あの親切なグラーニンさんが気難しい……?


「そうなのか?」

「……まあ、ボウズの能力を買ってるんだろう。そうだ、名前は?」


困った。

俺には名前がない。

ついでに異世界に転生してからもほとんど名乗っていない。

偽名だが偽名でない名前のほうがいいだろう。


「……ユリウスだ。」

「ユリウス?変わった名前だな。」


そう、この前の騒ぎの時のユリウス・ホワイトだ。

偽名だがもういい。

こっちの世界での俺の名前でいいだろう。

フルネームを名乗るのは正体がばれて、良くないだろうしな。

それに、関係者にはある程度俺の正体を知らせておきたい。


「……そういえば、ひと月前にユリウスホワイトとかいうのが騒ぎを起こしたとか聞いたが……。」

「……。」


互いに無言、そして微笑む。


「……さあな。
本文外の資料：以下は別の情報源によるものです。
(* In the known-variance setup, let $a>2$ and $p'_g(r)=\frac{\Gamma(\frac{a+K}{2}-1)}{\Gamma(K/2)}\frac{a-2}{r}\big(\frac{Nr^2}{2}\big)^{K/2}U\big(\frac{a+K-2}{2};\frac K2;\frac{Nr^2}{2}\big)$ for $r>0$. Then $$\int_0^\infty p(\mathbf y\mid r)\,p'_g(r)\,dr=C_\sigma\,e^{-N\langle\mathbf z^2\rangle/2}\,\frac{a-2}{K+a-2}\;{}_1F_1\!\left(1;\frac{K+a}{2};\frac{N\hat b^2}{2}\right).$$
   Context: Known-variance setup: known $\sigma_1,\dots,\sigma_N>0$; $z_n=y_n/\sigma_n$; $\mathbb X\in\mathbb R^{N\times K}$ with entries $X_k(c_n)/\sigma_n$, full column rank. $\langle\mathbf z^2\rangle=\mathbf z^T\mathbf z/N$, $\mathbb H=\mathbb X^T\mathbb X/N=\mathbb S\mathbb L\mathbb S^T$, $\mathbf h=\mathbb X^T\mathbf z/N$, $\hat{\mathbf b}=\mathbb L^{1/2}\mathbb S^T\mathbb H^{-1}\mathbf h$, $\hat b^2=\|\hat{\mathbf b}\|^2$, $C_\sigma=\prod_n(2\pi\sigma_n^2)^{-1/2}$. Likelihood $p(\mathbf y\mid\mathbf b)=C_\sigma\exp[-\tfrac N2(\langle\mathbf z^2\rangle+\|\mathbf b\|^2-2\hat{\mathbf b}^T\mathbf b)]$; $p(\mathbf y\mid r)=\int p(\mathbf y\mid\mathbf b)d\mu_r(\mathbf b)$ with $\mu_r$ the uniform probability measure on the radius-$r$ sphere of $\mathbb R^K$. $U$ is Tricomi's function; ${}_1F_1$ is Kummer's function. *)

theory Defs
  imports "HOL-Analysis.Analysis"
begin

definition kummer1F1 :: "real \<Rightarrow> real \<Rightarrow> real \<Rightarrow> real" where
  "kummer1F1 a b x = (\<Sum>n. pochhammer a n / pochhammer b n * x ^ n / fact n)"

text \<open>Tricomi's confluent hypergeometric function U(a;b;z), via its standard integral
  representation (valid for a > 0, z > 0, which is the range used below).\<close>
definition tricomiU :: "real \<Rightarrow> real \<Rightarrow> real \<Rightarrow> real" where
  "tricomiU a b z =
     (LBINT t:{0<..}. exp (- z * t) * t powr (a - 1) * (1 + t) powr (b - a - 1)) / Gamma a"

text \<open>Uniform probability measure on the sphere of radius r in a Euclidean space:
  image of the uniform measure on the unit ball under x \<mapsto> r x/|x| (cone measure).\<close>
definition sphere_measure :: "real \<Rightarrow> 'a::euclidean_space measure" where
  "sphere_measure r = distr (uniform_measure lborel (ball 0 1)) borel (\<lambda>x. r *\<^sub>R sgn x)"

definition scaledX :: "real^'n \<Rightarrow> real^'k^'n \<Rightarrow> real^'k^'n" where
  "scaledX \<sigma> Xr = (\<chi> n k. Xr $ n $ k / \<sigma> $ n)"

definition scaledz :: "real^'n \<Rightarrow> real^'n \<Rightarrow> real^'n" where
  "scaledz \<sigma> y = (\<chi> n. y $ n / \<sigma> $ n)"

definition Hmat :: "real^'n \<Rightarrow> real^'k^'n \<Rightarrow> real^'k^'k" where
  "Hmat \<sigma> Xr = (1 / real CARD('n)) *\<^sub>R (transpose (scaledX \<sigma> Xr) ** scaledX \<sigma> Xr)"

definition hvec :: "real^'n \<Rightarrow> real^'n \<Rightarrow> real^'k^'n \<Rightarrow> real^'k" where
  "hvec \<sigma> y Xr = (1 / real CARD('n)) *\<^sub>R (transpose (scaledX \<sigma> Xr) *v scaledz \<sigma> y)"

definition zsq_mean :: "real^'n \<Rightarrow> real^'n \<Rightarrow> real" where
  "zsq_mean \<sigma> y = (scaledz \<sigma> y \<bullet> scaledz \<sigma> y) / real CARD('n)"

definition diagm :: "real^'k \<Rightarrow> real^'k^'k" where
  "diagm l = (\<chi> i j. if i = j then l $ i else 0)"

definition bhat :: "real^'n \<Rightarrow> real^'n \<Rightarrow> real^'k^'n \<Rightarrow> real^'k^'k \<Rightarrow> real^'k \<Rightarrow> real^'k" where
  "bhat \<sigma> y Xr S l =
     (diagm (\<chi> i. sqrt (l $ i)) ** transpose S) *v (matrix_inv (Hmat \<sigma> Xr) *v hvec \<sigma> y Xr)"

definition Csigma :: "real^'n \<Rightarrow> real" where
  "Csigma \<sigma> = (\<Prod>n\<in>UNIV. (2 * pi * (\<sigma> $ n)\<^sup>2) powr (- 1 / 2))"

definition lik :: "real^'n \<Rightarrow> real^'n \<Rightarrow> real^'k^'n \<Rightarrow> real^'k^'k \<Rightarrow> real^'k \<Rightarrow> real^'k \<Rightarrow> real" where
  "lik \<sigma> y Xr S l b = Csigma \<sigma> * exp (- (real CARD('n) / 2) *
     (zsq_mean \<sigma> y + (norm b)\<^sup>2 - 2 * (bhat \<sigma> y Xr S l \<bullet> b)))"

definition lik_r :: "real^'n \<Rightarrow> real^'n \<Rightarrow> real^'k^'n \<Rightarrow> real^'k^'k \<Rightarrow> real^'k \<Rightarrow> real \<Rightarrow> real" where
  "lik_r \<sigma> y Xr S l r = (\<integral>b. lik \<sigma> y Xr S l b \<partial>(sphere_measure r))"

definition pg' :: "real \<Rightarrow> nat \<Rightarrow> nat \<Rightarrow> real \<Rightarrow> real" where
  "pg' a K N r = Gamma ((a + real K) / 2 - 1) / Gamma (real K / 2) * ((a - 2) / r)
     * (real N * r\<^sup>2 / 2) powr (real K / 2)
     * tricomiU ((a + real K - 2) / 2) (real K / 2) (real N * r\<^sup>2 / 2)"

end

theory Submission
  imports Defs
begin

(* The prior is a Gaussian scale mixture: reading the integral representation of Tricomi's U
   backwards, p'_g(r) is proportional to
     r^(K-1) * \<integral>\<^sub>0\<^sup>\<infinity> t^((a+K)/2-2) (1+t)^(-a/2) exp (- N t r^2 / 2) dt.
   Exchanging the r- and t-integrals, the spherical average of the likelihood against
   r^(K-1) dr reassembles, in polar coordinates, a Gaussian integral over R^K, which for fixed t
   is proportional to (1+t)^(-K/2) exp (N |bhat|^2 / (2 (1+t))). Expanding this exponential, each term
   is a Beta integral of the second kind, and the resulting series is Kummer's 1F1(1; (K+a)/2; .). *)

section \<open>Polar coordinates\<close>

declare borel_open[OF open_ball, measurable]

lemma lborel_nn_integral_swap:
  fixes f :: "'a::euclidean_space \<Rightarrow> 'b::euclidean_space \<Rightarrow> ennreal"
  assumes "(\<lambda>(x, y). f x y) \<in> borel_measurable (borel \<Otimes>\<^sub>M borel)"
  shows "(\<integral>\<^sup>+x. \<integral>\<^sup>+y. f x y \<partial>lborel \<partial>lborel) = (\<integral>\<^sup>+y. \<integral>\<^sup>+x. f x y \<partial>lborel \<partial>lborel)"
  using assms lborel_pair.Fubini'[of f]
  by (simp add: measurable_cong_sets[OF sets_pair_measure_cong[OF sets_lborel sets_lborel] refl])

lemma nn_integral_lborel_affine:
  fixes t :: "'a::euclidean_space"
  assumes [measurable]: "f \<in> borel_measurable borel" and c: "c \<noteq> 0"
  shows "(\<integral>\<^sup>+x. f x \<partial>lborel) = ennreal (\<bar>c\<bar> ^ DIM('a)) * (\<integral>\<^sup>+x. f (t + c *\<^sub>R x) \<partial>lborel)"
  by (subst lborel_affine[OF c, of t])
     (simp add: nn_integral_density nn_integral_distr nn_integral_cmult)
」


そう、俺の狙いはこれだ。

匂わせ。

だけど俺は教団関係者とは違いますよ、という匂いだ。

お前けにグラーニンさんはこのあたりの権力者だろう……、あの豪邸や名の知れ渡り具合からして。

恐らく、地方貴族だろう。


「おっちゃんの名前は?」


いいか、おっさんはやめとけ。

おっちゃんって言っとけ。

特に関西人には。

まあ、ここ異世界なんですけど。

ユリウス。

ははっ、笑えよ。 

異世界ジョークだよ。


「ああ……、俺の名前はモーゼス。この店、竜印りゅういん罠屋のモーゼスだ。」

「モーゼスね。わかった。また何か頼むときは頼むよ。」

「ああ。」


やはり、俺の眼に狂いはなかった。

モーゼス、龍印罠屋のモーゼスか。


店をでて、辺りを見渡す。

この通りは城下町か?

様々な店が並んでいる。

宿屋、罠屋、賭場、酒場、花屋、肉屋……。

グラーニンさんは街にいろいろな問題があると言っていた。

それは昼間でも見えるほどなのだろうか?


「とりあえず、手持ちの確認だ。」


そう、とりあえずの報酬だ。

この前の依頼、その成果の評価であり対価。

皮袋に包まれた中身は……?

なにか白銀のようなものと、まぶしく光るものがあった。

これは……、銀貨?

それと金貨だ。

数を数えよう。


……銀貨20枚に金貨5枚……、か。

うーん、物価が分からん。

とりあえず、どこか店に入ろう。

使うしかない。

そして物価を調べようではないか。

ここにきて1か月、正直、グラーニン邸での生活が充実しすぎていたのか、街の生活レベルが低いと適応できそうもない。


とりあえず、肉屋にでも行くか……。

それにここにはユリウス・ホワイトの張り紙がしてある。

噂を確認するのも必要だろう。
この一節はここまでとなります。